Introduction to Stream in Java 8

catalogue

What is Stream

How to create a Stream

Operate on Stream

Advanced

Sequential flow

Inert intermediate operation

Execution sequence of operations

summary

What is Stream

To answer this question, let's take a look at how the relevant JavaDoc describes:

A sequence of elements supporting sequential and parallel aggregate operations

"Element sequence supporting sequential and parallel aggregation operations", at first glance, feels like a data structure similar to a collection, which stores a set of data and supports some specific operations, but it is not.
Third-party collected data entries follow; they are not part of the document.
(* Let $\mathcal X=\{1,\dots,n\}$, $N\ge 1$, and for $t=0,\dots,N-1$ let $M(t)=[m_{ij}(t)]_{i,j=1}^n$ be matrices with nonnegative entries such that the product $M(N-1)M(N-2)\cdots M(0)$ has all entries positive. Let $\nu_0,\nu_N$ be probability distributions on $\mathcal X$, and let $\varphi,\hat\varphi$ be nonnegative functions on $\{0,\dots,N\}\times\mathcal X$ solving the Schrödinger system $\varphi(t,i)=\sum_j m_{ij}(t)\varphi(t+1,j)$, $\hat\varphi(t+1,j)=\sum_i m_{ij}(t)\hat\varphi(t,i)$ ($0\le t\le N-1$), $\varphi(0,x)\hat\varphi(0,x)=\nu_0(x)$, $\varphi(N,x)\hat\varphi(N,x)=\nu_N(x)$, with $\varphi>0$, and let $\Pi(t)=\operatorname{diag}(\varphi(t))^{-1}M(t)\operatorname{diag}(\varphi(t+1))$ be the one-step transition matrices of the bridge $\mathfrak M^*[\nu_0,\nu_N]$. Then for any probability distributions $\rho_0,\rho_N$ on $\mathcal X$, the solution of the Schrödinger bridge problem with marginals $\rho_0,\rho_N$ and prior transition matrices $\Pi(t)$ coincides with the solution of the Schrödinger bridge problem with marginals $\rho_0,\rho_N$ and prior transition matrices $M(t)$; i.e. both have initial marginal $\rho_0$ and the same transition matrices $Q^*(t)=\operatorname{diag}(\psi_1(t))^{-1}M(t)\operatorname{diag}(\psi_1(t+1))$, where $(\psi_1,\hat\psi_1)$ solves the Schrödinger system for $M(t)$ with boundary data $\rho_0,\rho_N$.
   Context: Schrödinger bridge problem (SBP): given nonnegative weights $m_{ij}(t)$ and a positive initial measure $\mu_0$ on $\mathcal X$, the prior is the (not necessarily probability) measure on paths $x=(x_0,\dots,x_N)\in\mathcal X^{N+1}$ given by $\mathfrak M(x)=\mu_0(x_0)m_{x_0x_1}(0)\cdots m_{x_{N-1}x_N}(N-1)$. For probability distributions $\nu_0,\nu_N$ on $\mathcal X$, the SBP asks for the minimizer $\mathfrak M^*[\nu_0,\nu_N]$ of the relative entropy $\mathbb D(P\|\mathfrak M)=\sum_x P(x)\log\frac{P(x)}{\mathfrak M(x)}$ (equal to $+\infty$ if the support of $P$ is not contained in that of $\mathfrak M$, with $0\log 0=0$) over probability distributions $P$ on paths with initial marginal $\nu_0$ and final marginal $\nu_N$. When the product $M(N-1)\cdots M(0)$ is entrywise positive, the solution is unique and is the Markov measure $\nu_0(x_0)\pi_{x_0x_1}(0)\cdots\pi_{x_{N-1}x_N}(N-1)$ with $\pi_{ij}(t)=m_{ij}(t)\varphi(t+1,j)/\varphi(t,i)$, $\varphi,\hat\varphi$ solving the Schrödinger system stated in the claim. The solution does not depend on the choice of positive initial measure $\mu_0$ of the prior. *)

theory Defs
  imports "HOL-Analysis.Analysis"
begin

text \<open>State space: a finite type 'x (playing the role of {1..n}).
  Paths x = (x_0,...,x_N) are extensional functions on {0..N}.\<close>

definition paths :: "nat \<Rightarrow> (nat \<Rightarrow> 'x) set" where
  "paths N = PiE {..N} (\<lambda>_. UNIV)"

definition prior_meas :: "('x \<Rightarrow> real) \<Rightarrow> (nat \<Rightarrow> 'x \<Rightarrow> 'x \<Rightarrow> real) \<Rightarrow> nat \<Rightarrow> (nat \<Rightarrow> 'x) \<Rightarrow> real" where
  "prior_meas mu0 m N x = mu0 (x 0) * (\<Prod>t<N. m t (x t) (x (Suc t)))"
lemma abs_loss_minus_pop_risk_le:
  assumes "\<theta> \<in> \<Theta>" "y \<in> space M"
  shows "\<bar>f \<theta> y - pop_risk M f \<theta>\<bar> \<le> B"
proof -
  have "f \<theta> y - pop_risk M f \<theta> = (\<integral>z. f \<theta> y - f \<theta> z \<partial>M)"
    using integrable_loss[OF assms(1)] by (simp add: pop_risk_def prob_space)
  also have "\<bar>\<dots>\<bar> \<le> B"
  proof (rule abs_integral_le_const)
    fix z assume "z \<in> space M"
    then show "\<bar>f \<theta> y - f \<theta> z\<bar> \<le> B"
      using bounded_oscillation[OF assms(1,2)] bounded_oscillation[OF assms(1) _ assms(2)]
      by (auto simp: abs_le_iff)
  qed
  finally show ?thesis .
qed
Let's start with a simple example:

// Create a stream
List<String> list = Arrays.asList("A1", "A1", "B1", "A2", "B2", "A10", "B10", "B10");
list.stream().filter(item -> item.length() < 3) // Filter out those with length greater than or equal to 3
        .distinct() // Remove duplicate elements
        .map(String::toLowerCase) // Convert each element
        .sorted() // sort
        .forEach(item -> System.out.print(item + " ")); // Traverse each element

// Output result: a1 a2 b1 b2 

It can be seen from this example that Stream is an enhancement of the function of collection objects. It is related to algorithms and calculations, and focuses on various convenient and efficient operations on collection objects. With the help of Lambda expression, the programming efficiency and code readability are greatly improved.

A Stream is like an Iterator, unidirectional and non reciprocating. Using Stream to operate the elements in the collection feels like an assembly line for filling beer. One empty wine bottle (equivalent to the elements in the collection) is transported to each operation unit, filling wine / pressing bottle caps / labeling / removing problematic bottles (equivalent to the operation of elements), and finally packing boxes are stacked in the warehouse.

 

How to create a Stream

There are three common ways to create streams.
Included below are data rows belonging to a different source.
(* Any nested logit that satisfies Regularity and Richness is a random utility nested logit, i.e., it admits a nested logit representation in which $\eta_i\le 1$ for every $i\le K$.
   Context: Here the set of alternatives $X$ may be infinite, and $\mathscr{A}$ is the collection of nonempty finite subsets of $X$. A stochastic choice function is $p:X\times\mathscr{A}\to[0,1]$ with $\sum_{a\in A}p(a,A)=1$, $p(x,A)=0$ for $x\notin A$, $p(a,A)>0$ for $a\in A$; $A\cup y=A\cup\{y\}$. $a\sim_p b$ means $\frac{p(a,A)}{p(b,A)}=\frac{p(a,\{a,b\})}{p(b,\{a,b\})}$ for all $A\in\mathscr{A}$ containing $a,b$. Nested logit: there exist a finite partition $X_1,\dots,X_K$ of $X$, $u:X\to\mathbb{R}_{++}$ and $\eta_1,\dots,\eta_K>0$ such that for every $A\in\mathscr{A}$ and $a\in A\cap X_i$, $p(a,A)=\frac{\big(\sum_{x\in A\cap X_i}u(x)\big)^{\eta_i}}{\sum_{j:A\cap X_j\ne\emptyset}\big(\sum_{y\in A\cap X_j}u(y)\big)^{\eta_j}}\cdot\frac{u(a)}{\sum_{b\in A\cap X_i}u(b)}$. Regularity: $p(x,A\cup y)\le p(x,A)$ for all $A\in\mathscr{A}$, $x\in A$, $y\in X$. Richness: for any $a\in X$ and $\rho\in(0,1)$ there is $b\in X$ with $a\sim_p b$ and $p(a,\{a,b\})=\rho$. *)

theory Defs
  imports Complex_Main "HOL-Library.Disjoint_Sets"
begin

text \<open>The set of alternatives X is the (possibly infinite) universe of the type 'a.
  Menus are the nonempty finite subsets of X.\<close>

definition menu :: "'a set \<Rightarrow> bool" where
  "menu A \<longleftrightarrow> finite A \<and> A \<noteq> {}"

definition stoch_choice :: "('a \<Rightarrow> 'a set \<Rightarrow> real) \<Rightarrow> bool" where
  "stoch_choice p \<longleftrightarrow>
     (\<forall>A. menu A \<longrightarrow>
        (\<forall>x. 0 \<le> p x A \<and> p x A \<le> 1) \<and>
        (\<Sum>a\<in>A. p a A) = 1 \<and>
        (\<forall>x. x \<notin> A \<longrightarrow> p x A = 0) \<and>
        (\<forall>a\<in>A. p a A > 0))"

definition sim_p :: "('a \<Rightarrow> 'a set \<Rightarrow> real) \<Rightarrow> 'a \<Rightarrow> 'a \<Rightarrow> bool" where
  "sim_p p a b \<longleftrightarrow>
     (\<forall>A. menu A \<and> a \<in> A \<and> b \<in> A \<longrightarrow>
        p a A / p b A = p a {a, b} / p b {a, b})"

definition nl_rep ::
  "('a \<Rightarrow> 'a set \<Rightarrow> real) \<Rightarrow> 'a set set \<Rightarrow> ('a \<Rightarrow> real) \<Rightarrow> ('a set \<Rightarrow> real) \<Rightarrow> bool" where
  "nl_rep p P u \<eta> \<longleftrightarrow>
     finite P \<and> partition_on UNIV P \<and>
     (\<forall>x. u x > 0) \<and> (\<forall>D\<in>P. \<eta> D > 0) \<and>
     (\<forall>A C a. menu A \<and> C \<in> P \<and> a \<in> A \<inter> C \<longrightarrow>
        p a A = ((\<Sum>x\<in>A \<inter> C. u x) powr \<eta> C /
                 (\<Sum>D\<in>{D\<in>P. A \<inter> D \<noteq> {}}. (\<Sum>y\<in>A \<inter> D. u y) powr \<eta> D))
                * (u a / (\<Sum>b\<in>A \<inter> C. u b)))"

definition nested_logit :: "('a \<Rightarrow> 'a set \<Rightarrow> real) \<Rightarrow> bool" where
  "nested_logit p \<longleftrightarrow> (\<exists>P u \<eta>. nl_rep p P u \<eta>)"

definition regularity :: "('a \<Rightarrow> 'a set \<Rightarrow> real) \<Rightarrow> bool" where
  "regularity p \<longleftrightarrow> (\<forall>A x y. menu A \<and> x \<in> A \<longrightarrow> p x (insert y A) \<le> p x A)"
1. Create a Stream using the static method of Stream

        // Mode 1:
        Stream<String> stream1 = Stream.of("A1", "B1", "A2", "B2", "A10", "B10");
        stream1.forEach(item -> System.out.print(item + " "));
        // Output result: A1 B1 A2 B2 A10 B10

        // Mode 2:
        Stream<Integer> stream2 = Stream.iterate(1, (x) -> x + 1).limit(5);
        stream2.forEach(item -> System.out.print(item + " "));
        // Output result: 1 2 3 4 5

        // Mode 3:
        Stream<Double> stream3 = Stream.generate(Math::random).limit(3);
        stream3.forEach(item -> System.out.print(item + " "));
        // Output result: 0.8974676207611573 0.7658795436834018 0.48552366426962845

iterate and generate are more suitable for building massive test data. When using, pay attention to use with limit, otherwise an infinite stream will be created.

2. Use array conversion

String[] arr = new String[]{"A1", "B1", "A2", "B2", "A10", "B10"};
Stream<String> stream1 = Arrays.stream(arr);
stream1.forEach(item -> System.out.print(item + " "));
// Output result: A1 B1 A2 B2 A10 B10

Actually, in stream Arrays. Is also called directly inside the of () method stream().
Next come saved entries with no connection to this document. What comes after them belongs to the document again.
lemma b_mid_bound: "\<bar>b_mid q l m\<bar> \<le> 2 / (1 - q\<^sup>2)\<^sup>2 * q powr (l + m)"
proof -
  have sum: "\<bar>l-m+1\<bar> + \<bar>l+m\<bar> = 2 * l + 1" "\<bar>l-m\<bar> + \<bar>l+m+1\<bar> = 2 * l + 1"
    using lm by auto
  have "\<bar>qnum q (l-m+1) * qnum q (l+m)\<bar> \<le> q powr (1 - 2 * l) / (1 - q\<^sup>2)\<^sup>2"
    using abs_qnum_mult_le[OF q, of "l-m+1" "l+m"] sum by (simp add: diff_diff_eq)
  moreover have "\<bar>q\<^sup>2 * qnum q (l-m) * qnum q (l+m+1)\<bar> \<le> q powr (1 - 2 * l) / (1 - q\<^sup>2)\<^sup>2"
  proof -
    have "\<bar>q\<^sup>2 * qnum q (l-m) * qnum q (l+m+1)\<bar> \<le> \<bar>qnum q (l-m) * qnum q (l+m+1)\<bar>"
      using q power_le_one[of q 2] by (simp add: abs_mult mult.assoc mult_left_le_one_le)
    also have "\<dots> \<le> q powr (1 - 2 * l) / (1 - q\<^sup>2)\<^sup>2"
      using abs_qnum_mult_le[OF q, of "l-m" "l+m+1"] sum by (simp add: diff_diff_eq)
    finally show ?thesis .
  qed
  ultimately have "\<bar>qnum q (l-m+1) * qnum q (l+m) - q\<^sup>2 * qnum q (l-m) * qnum q (l+m+1)\<bar>
                     \<le> 2 / (1 - q\<^sup>2)\<^sup>2 * q powr (1 - 2 * l)"
    using abs_triangle_ineq4[of "qnum q (l-m+1) * qnum q (l+m)" "q\<^sup>2 * qnum q (l-m) * qnum q (l+m+1)"]
    by simp
  moreover have "l + m \<le> 1 - 2 * l - (- 4 * l)"
    using lm by simp
  ultimately show ?thesis
    unfolding b_mid_def by (rule abs_divide_le_powr[OF q qnum_mult_ge[OF q lm(1)]])
qed

lemma a_up_eq:
  "a_up q l m = sqrt ((1 - q powr (2 * (l + m + 1))) * (1 - q powr (2 * (l + m + 2))))
                  / (1 - q powr (2 * (2 * l + 2)))"
proof -
  define X Y Z where "X = 1 - q powr (2 * (l + m + 1))" and "Y = 1 - q powr (2 * (l + m + 2))"
    and "Z = 1 - q powr (2 * (2 * l + 2))"
  have qsq: "0 < 1 - q\<^sup>2"
    using one_minus_square_pos[OF q] .
  have "X \<ge> 0" "Y \<ge> 0"
    using q lm unfolding X_def Y_def by (auto intro!: powr_le1)
  have "(q powr (- (l + m + 1/2)))\<^sup>2 = q powr (1 - (l + m + 1)) * q powr (1 - (l + m + 2))"
    by (simp add: power2_eq_square powr_add[symmetric])
  then have "qnum q (l+m+1) * qnum q (l+m+2) = (q powr (- (l + m + 1/2)) / (1 - q\<^sup>2))\<^sup>2 * (X * Y)"
    using q unfolding X_def Y_def by (simp add: qnum_eq power_divide power2_eq_square)
  then have "sqrt (qnum q (l+m+1) * qnum q (l+m+2)) = q powr (- (l + m + 1/2)) / (1 - q\<^sup>2) * sqrt (X * Y)"
    using qsq by (simp add: real_sqrt_mult)
  moreover have "qnum q (2*l+2) = q powr (1 - (2 * l + 2)) * Z / (1 - q\<^sup>2)"
    unfolding Z_def by (rule qnum_eq[OF q])
  moreover have "q powr (m - l - 1/2) * q powr (- (l + m + 1/2)) = q powr (1 - (2 * l + 2))"
    unfolding powr_add[symmetric] by (rule arg_cong[where f = "(powr) q"]) simp
  moreover have cancel: "a * (b / c * s) / (a * b * z / c) = s / z" if "a * b \<noteq> 0" "c \<noteq> 0"
    for a b c s z :: real
    using that by (simp add: field_simps)
  ultimately show ?thesis
    using q qsq unfolding a_up_def X_def[symmetric] Y_def[symmetric] Z_def[symmetric]
    by (metis powr_gt_zero less_irrefl)
qed

lemma a_up_approx: "\<bar>a_up q l m - 1\<bar> \<le> 3 / (1 - q\<^sup>2) * q powr (l + m)"
proof -
  define X Y Z where "X = 1 - q powr (2 * (l + m + 1))" and "Y = 1 - q powr (2 * (l + m + 2))"
    and "Z = 1 - q powr (2 * (2 * l + 2))"
  have small: "q powr e \<le> q powr (l + m)" "q powr e \<le> 1" if "l + m \<le> e" for e
    using q lm that by (auto intro!: powr_mono' powr_le1)
  have XYZ: "0 \<le> X" "X \<le> 1" "0 \<le> Y" "Y \<le> 1" "Z \<le> 1"
    "1 - X \<le> q powr (l + m)" "1 - Y \<le> q powr (l + m)" "1 - Z \<le> q powr (l + m)"
    using small lm unfolding X_def Y_def Z_def by auto
  have "q powr (2 * (2 * l + 2)) \<le> q powr 2"
    using q lm by (intro powr_mono') auto
  then have Z_ge: "1 - q\<^sup>2 \<le> Z"
    using q unfolding Z_def by (simp add: powr_numeral)
  moreover have "0 < 1 - q\<^sup>2"
    using one_minus_square_pos[OF q] .
  ultimately have "0 < Z"
    by linarith
  then have "\<bar>a_up q l m - 1\<bar> = \<bar>(sqrt (X * Y) - Z) / Z\<bar>"
    unfolding a_up_eq X_def[symmetric] Y_def[symmetric] Z_def[symmetric]
    by (simp add: diff_divide_distrib)
  also have "\<dots> = \<bar>sqrt (X * Y) - Z\<bar> / Z"
    using \<open>0 < Z\<close> by (simp add: abs_div)
  also have "\<dots> \<le> 3 * q powr (l + m) / (1 - q\<^sup>2)"
    using abs_sqrt_mult_minus_le[of X Y Z] XYZ Z_ge \<open>0 < 1 - q\<^sup>2\<close> by (intro frac_le) auto
  finally show ?thesis by simp
qed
 3. Created using the stream() method of the Collection interface

List<String> list = new ArrayList<>();
list.add("A1");
list.add("B1");
Stream<String> stream = list.stream();
stream.forEach(item -> System.out.print(item + " "));
// Output result: A1 B1

For common numeric collection operations, the JDK additionally provides IntStream, LongStream and DoubleStream, which are equivalent to Stream < integer >,, Stream < long >, and Stream < double >, but reduces additional boxing and unboxing operations and improves efficiency.

Other creation methods include:

  • java.io.BufferedReader.lines()
  • java.util.stream.IntStream.range()
  • java.nio.file.Files.walk()
  • Random.ints()
  • BitSet.stream()
  • Pattern.splitAsStream(java.lang.CharSequence)
  • JarFile.stream()

 

Operate on Stream

When we use a stream, it usually includes three steps: obtain data source > data transformation > obtain final result. Apply the example in the previous article and disassemble as follows:

The common operations of Stream are shown in the figure below

  • Intermediate operation: the return result of intermediate operation is a new Stream, which means that a Stream can be followed by multiple intermediate operations, such as Stream a(). b(). Drive a train like this. Intermediate operations are lazy, that is, only calling these methods does not really start the traversal of the flow.
  • Termination operation: a flow can only have one termination operation. When this operation is executed, the flow will be used "light" and can no longer be operated. So this must be the last operation of the stream. Only when the Terminal operation is executed can the flow traversal really begin.
  • Stateless: the operation of an element does not depend on other elements
  • Stateful: the operation of an element depends on other operations
  • Non short circuit operation: each element in the flow is processed to
  • Short circuit operation: only a part of the elements need to be processed, and the execution will be terminated.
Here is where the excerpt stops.